Type 2 diabetes silently takes hold in the body over a matter of years, compromising the body’s ability to regulate blood sugar. By the time the disease is diagnosed, organ damage has often already occurred, and may be irreversible, even if the disease is well controlled thereafter. With similar stealth, the rising tide of type 2 diabetes has surprised experts in many nations around the world with its speed, magnitude, and costliness. Aging, population growth, obesity/overweight, air pollution, unhealthy diets, smoking, and sedentary lifestyles have all helped drive up the number of cases of type 2 diabetes.

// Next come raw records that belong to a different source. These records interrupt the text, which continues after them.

lemma integrable_monomial_omega: "integrable lborel (\<lambda>x. x ^ k * omega \<tau> t x)"
proof -
  define C where "C = exp ((\<bar>\<tau>\<bar> + \<bar>t + 1/2\<bar> + 1)^3)"
  have "integrable lborel (\<lambda>x. (C * sqrt (2 * pi)) * (std_normal_density x * \<bar>x\<bar> ^ k))"
    by (intro integrable_mult_right integrable_std_normal_moment_abs)
  then show ?thesis
  proof (rule Bochner_Integration.integrable_bound)
    show "AE x in lborel. norm (x ^ k * omega \<tau> t x)
        \<le> norm ((C * sqrt (2 * pi)) * (std_normal_density x * \<bar>x\<bar> ^ k))"
    proof (rule AE_I2)
      fix x :: real
      have "norm (x ^ k * omega \<tau> t x) = \<bar>x\<bar> ^ k * omega \<tau> t x"
        using omega_pos[of \<tau> t x] by (simp add: abs_mult power_abs)
      also have "\<dots> \<le> \<bar>x\<bar> ^ k * (C * exp (- (x^2) / 2))"
        unfolding C_def by (intro mult_left_mono omega_le_gaussian) auto
      also have "\<dots> = (C * sqrt (2 * pi)) * (std_normal_density x * \<bar>x\<bar> ^ k)"
        by (simp add: std_normal_density_def)
      finally show "norm (x ^ k * omega \<tau> t x)
          \<le> norm ((C * sqrt (2 * pi)) * (std_normal_density x * \<bar>x\<bar> ^ k))"
        by simp
    qed
  qed measurable
qed

lemma integrable_poly_omega: "integrable lborel (\<lambda>x. poly p x * omega \<tau> t x)"
proof -
  have "integrable lborel (\<lambda>x. \<Sum>i\<le>degree p. coeff p i * (x ^ i * omega \<tau> t x))"
    by (intro Bochner_Integration.integrable_sum integrable_mult_right integrable_monomial_omega)
  then show ?thesis by (simp add: poly_altdef sum_distrib_right mult.assoc)
qed

lemma wip_eq_integral_mult: "wip \<tau> t p q = (LINT x|lborel. poly (p * q) x * omega \<tau> t x)"
  by (simp add: wip_def)

lemma wip_commute: "wip \<tau> t p q = wip \<tau> t q p"
  by (simp add: wip_def mult.commute)

lemma wip_add_left: "wip \<tau> t (p + r) q = wip \<tau> t p q + wip \<tau> t r q"
  unfolding wip_eq_integral_mult distrib_right poly_add
  by (rule Bochner_Integration.integral_add[OF integrable_poly_omega integrable_poly_omega])

lemma wip_smult_left: "wip \<tau> t (smult c p) q = c * wip \<tau> t p q"
  unfolding wip_eq_integral_mult by (simp add: mult.assoc)

lemma wip_diff_left: "wip \<tau> t (p - r) q = wip \<tau> t p q - wip \<tau> t r q"
proof -
  have "p - r = p + smult (-1) r" by simp
  then show ?thesis by (simp only: wip_add_left wip_smult_left)
qed

lemma wip_add_right: "wip \<tau> t q (p + r) = wip \<tau> t q p + wip \<tau> t q r"
  by (metis wip_add_left wip_commute)

lemma wip_smult_right: "wip \<tau> t q (smult c p) = c * wip \<tau> t q p"
  by (metis wip_smult_left wip_commute)

lemma wip_diff_right: "wip \<tau> t q (p - r) = wip \<tau> t q p - wip \<tau> t q r"
  by (metis wip_diff_left wip_commute)

lemma wip_pCons_0: "wip \<tau> t (pCons 0 p) q = wip \<tau> t p (pCons 0 q)"
  unfolding wip_def by (simp add: ac_simps)

lemma wip_self_pos:
  assumes "p \<noteq> 0"
  shows "0 < wip \<tau> t p p"
proof -
  have nonneg: "AE x in lborel. 0 \<le> poly (p * p) x * omega \<tau> t x"
    using omega_pos[of \<tau> t] by (intro AE_I2) (simp add: less_imp_le)
  have "wip \<tau> t p p \<noteq> 0"
  proof
    assume "wip \<tau> t p p = 0"
    then have "AE x in lborel. poly (p * p) x * omega \<tau> t x = 0"
      unfolding wip_eq_integral_mult
      using integral_nonneg_eq_0_iff_AE[OF integrable_poly_omega nonneg] by simp
    then have "AE x in lborel. x \<in> {x. poly p x = 0}"
    proof eventually_elim
      case (elim x)
      with omega_pos[of \<tau> t x] show ?case by simp
    qed
    moreover have "{x. poly p x = 0} \<in> null_sets lborel"
      using poly_roots_finite[OF assms] by (intro countable_imp_null_set_lborel countable_finite)
    then have "AE x in lborel. x \<notin> {x. poly p x = 0}"
      by (rule AE_not_in)
    ultimately have "AE x::real in lborel. False"
      by eventually_elim simp
    then show False
      using AE_iff_measurable[of UNIV lborel "\<lambda>x::real. False"] by simp
  qed
  moreover have "0 \<le> wip \<tau> t p p"
    unfolding wip_eq_integral_mult using nonneg by (rule integral_nonneg_AE)
  ultimately show ?thesis by simp
qed

lemma poly_reflect:
  fixes p :: "real poly"
  shows "poly (p \<circ>\<^sub>p [:0, -1:]) x = poly p (- x)"
proof -
  have "poly [:0, -1:] x = - x" by simp
  then show ?thesis by (simp only: poly_pcompose)
qed

lemma wip_reflect: "wip \<tau> t (p \<circ>\<^sub>p [:0, -1:]) q = wip \<tau> t p (q \<circ>\<^sub>p [:0, -1:])"
proof -
  define f where "f x = poly p x * poly q (- x) * omega \<tau> t x" for x
  have "wip \<tau> t (p \<circ>\<^sub>p [:0, -1:]) q = (LINT x|lborel. f (- x))"
    unfolding wip_def f_def poly_reflect by (simp add: omega_minus)
  also have "\<dots> = (LINT x|lborel. f x)"
    using lborel_integral_real_affine[where c = "-1" and t = 0 and f = f] by simp
  finally show ?thesis
    unfolding wip_def f_def poly_reflect .
qed
text \<open>Independence is available only for restrictions of the whole sample family to disjoint
  index sets, so the current sample is first seen as a restriction to a singleton.\<close>

lemma distr_past_samples_sample:
  "distr M (past_space D T \<Otimes>\<^sub>M D i) (\<lambda>w. (past_samples xi T w, xi i T w))
     = distr M (past_space D T) (past_samples xi T) \<Otimes>\<^sub>M D i"
proof -
  let ?N = "PiM {(i, T)} (\<lambda>(i, t). D i)"
  let ?now = "\<lambda>w. restrict (\<lambda>p. case_prod xi p w) {(i, T)}"
  let ?eval = "\<lambda>r. r (i, T)"
  have now: "?now \<in> M \<rightarrow>\<^sub>M ?N"
    by (rule measurable_restrict) (auto simp: measurable_xi)
  have eval: "?eval \<in> ?N \<rightarrow>\<^sub>M D i"
    using measurable_component_singleton[of "(i, T)" "{(i, T)}" "\<lambda>(i, t). D i"] by simp
  have "past_indices T \<inter> {(i, T)} = {}"
    by (simp add: past_indices_def)
  then have "indep_var (past_space D T) (past_samples xi T) ?N ?now"
    unfolding past_samples_def past_space_def by (intro indep_var_restrict[OF indep_xi]) auto
  then have indep: "distr M (past_space D T \<Otimes>\<^sub>M ?N) (\<lambda>w. (past_samples xi T w, ?now w))
      = distr M (past_space D T) (past_samples xi T) \<Otimes>\<^sub>M distr M ?N ?now"
    by (simp add: indep_var_distribution_eq)
  have "distr M (past_space D T \<Otimes>\<^sub>M D i) (\<lambda>w. (past_samples xi T w, xi i T w))
      = distr (distr M (past_space D T \<Otimes>\<^sub>M ?N) (\<lambda>w. (past_samples xi T w, ?now w)))
          (past_space D T \<Otimes>\<^sub>M D i) (\<lambda>(a, b). (a, ?eval b))"
    using measurable_past_samples now eval by (subst distr_distr) (auto simp: comp_def)
  also have "\<dots> = distr (distr M (past_space D T) (past_samples xi T)) (past_space D T) (\<lambda>a. a)
      \<Otimes>\<^sub>M distr (distr M ?N ?now) (D i) ?eval"
    unfolding indep using eval
    by (intro pair_measure_distr[symmetric])
       (simp_all add: now distr_distr comp_def distr_xi prob_space_D prob_space_imp_sigma_finite)
  also have "\<dots> = distr M (past_space D T) (past_samples xi T) \<Otimes>\<^sub>M D i"
    using now eval measurable_past_samples by (simp add: distr_distr comp_def distr_xi)
  finally show ?thesis .
qed

lemma distr_past_measurable_sample:
  assumes "past_measurable T N V"
  shows "distr M (N \<Otimes>\<^sub>M D i) (\<lambda>w. (V w, xi i T w)) = distr M N V \<Otimes>\<^sub>M D i"
proof -
  obtain \<Phi> where \<Phi>: "\<Phi> \<in> past_space D T \<rightarrow>\<^sub>M N" and V: "\<forall>w\<in>space M. V w = \<Phi> (past_samples xi T w)"
    using assms unfolding past_measurable_def by blast
  have pair: "(\<lambda>w. (past_samples xi T w, xi i T w)) \<in> M \<rightarrow>\<^sub>M past_space D T \<Otimes>\<^sub>M D i"
    by (intro measurable_Pair measurable_past_samples measurable_xi)
  have "distr M (N \<Otimes>\<^sub>M D i) (\<lambda>w. (V w, xi i T w))
      = distr M (N \<Otimes>\<^sub>M D i) ((\<lambda>(a, s). (\<Phi> a, s)) \<circ> (\<lambda>w. (past_samples xi T w, xi i T w)))"
    using V by (intro distr_cong) auto
  also have "\<dots> = distr (distr M (past_space D T) (past_samples xi T) \<Otimes>\<^sub>M D i) (N \<Otimes>\<^sub>M D i)
      (\<lambda>(a, s). (\<Phi> a, s))"
    using \<Phi> by (simp add: distr_distr[OF _ pair, symmetric] distr_past_samples_sample)
  also have "\<dots> = distr (distr M (past_space D T) (past_samples xi T)) N \<Phi> \<Otimes>\<^sub>M distr (D i) (D i) (\<lambda>s. s)"
    using \<Phi> by (intro pair_measure_distr[symmetric]) (auto simp: prob_space_D prob_space_imp_sigma_finite)
  also have "distr (distr M (past_space D T) (past_samples xi T)) N \<Phi> = distr M N V"
    using V \<Phi> measurable_past_samples by (simp add: distr_distr comp_def cong: distr_cong)
  finally show ?thesis
    by simp
qed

of total health spending in adults goes to type 2 diabetes
Type 2 diabetes was the 10th-largest killer in the world in 2017, up from number 15 in 2007. It has now surpassed malaria and breast cancer, according to the Global Burden of Disease study, which is led by the Institute for Health Metrics and Evaluation (IHME). Once a person develops type 2 diabetes, they are at greater risk of blindness, amputation, kidney failure, cardiovascular disease, and death. The financial cost of diabetes (the vast majority of which is type 2) is staggering: according to the International Diabetes Federation, the world spent $760 billion on it in 2019 alone, which represents 10 percent of total health spending in adults.
In 2017, obesity/overweight was the most important risk factor for type 2 diabetes. Despite billions of dollars in investment in identifying solutions to tackle obesity and overweight, however, effective solutions remain largely elusive. With obesity continuing to increase, more research is needed to identify more effective interventions. A 2020 study published in Nature noted that eating healthy foods, primarily those featured in the Mediterranean diet, such as fruits, vegetables, nuts, beans, whole grains, seems to prevent obesity.
‘Most weight loss interventions only last for a short time, however.’
To promote healthier diets, food policy leaders recommended in an article in the British Medical Journal sweeping changes to current food systems, such as revamping food, agriculture, and trade policies to encourage production of healthy foods instead of unhealthy foods. The authors also recommended government regulation of unhealthy food as well as nutrition education, banning marketing of unhealthy food to children, and subsidizing healthy food and taxing unhealthy food. Most weight loss interventions only last for a short time, however. For those with extreme obesity, numerous studies have demonstrated the cost effectiveness of gastric bypass surgery for addressing obesity, yet these interventions remain out of reach in many low-income settings.
When we think about the harm of air pollution we tend to think of diseases such as lung cancer, asthma and chronic obstructive pulmonary disease. What is less well known is that air pollution is also an important risk factor for type 2 diabetes. In 2017, air pollution was tied to 27 percent of premature death and poor health from type 2 diabetes globally.
‘Compared to obesity, there are better examples of countries that have succeeded in reducing the risk of air pollution.’
Air pollution may contribute to diabetes by affecting the body’s sensitivity to insulin. Low insulin sensitivity is characteristic of Type 2 diabetes, and those with the condition need drugs or insulin injections to stabilize blood sugar. Air pollution comes from sources such as coal-fired power plants, vehicle emissions, and wood-fired cook stoves. In countries covered by large swaths of desert, such as parts of North Africa and the Middle East as well as sub-Saharan African countries bordering the Sahel, a major source of air pollution comes from dust storms. Compared to obesity, there are better examples of countries that have succeeded in reducing the risk of air pollution. Take London, for example, which was plagued by “pea soup” fog in the 1950s, or China, which succeeded in significantly reducing air pollution [PDF] through aggressive action on coal and industrial and vehicle emissions as well as investments in lower-emission energy sources—though China still exceeds WHO air quality guidelines and targets.
Smoking, secondhand smoke, and lack of exercise are also linked to type 2 diabetes, but contribute to less premature death and poor health than obesity, air pollution, and diets low in whole grains.
Curbing obesity, addressing air pollution, promoting smoking cessation, as well as encouraging healthy eating and exercise are key issues in the fight against type 2 diabetes worldwide. While there is no single silver bullet, combating air pollution offers a promising new approach to a rapidly growing crisis. In parallel, interventions to encourage healthy eating, promote physical activity, and continued research to identify new effective tools in the fight against obesity are urgently needed.
EDITOR’S NOTE: The authors are employed by the University of Washington’s Institute for Health Metrics and Evaluation (IHME), which leads the Global Burden of Disease study mentioned in the first paragraph and referenced in the data.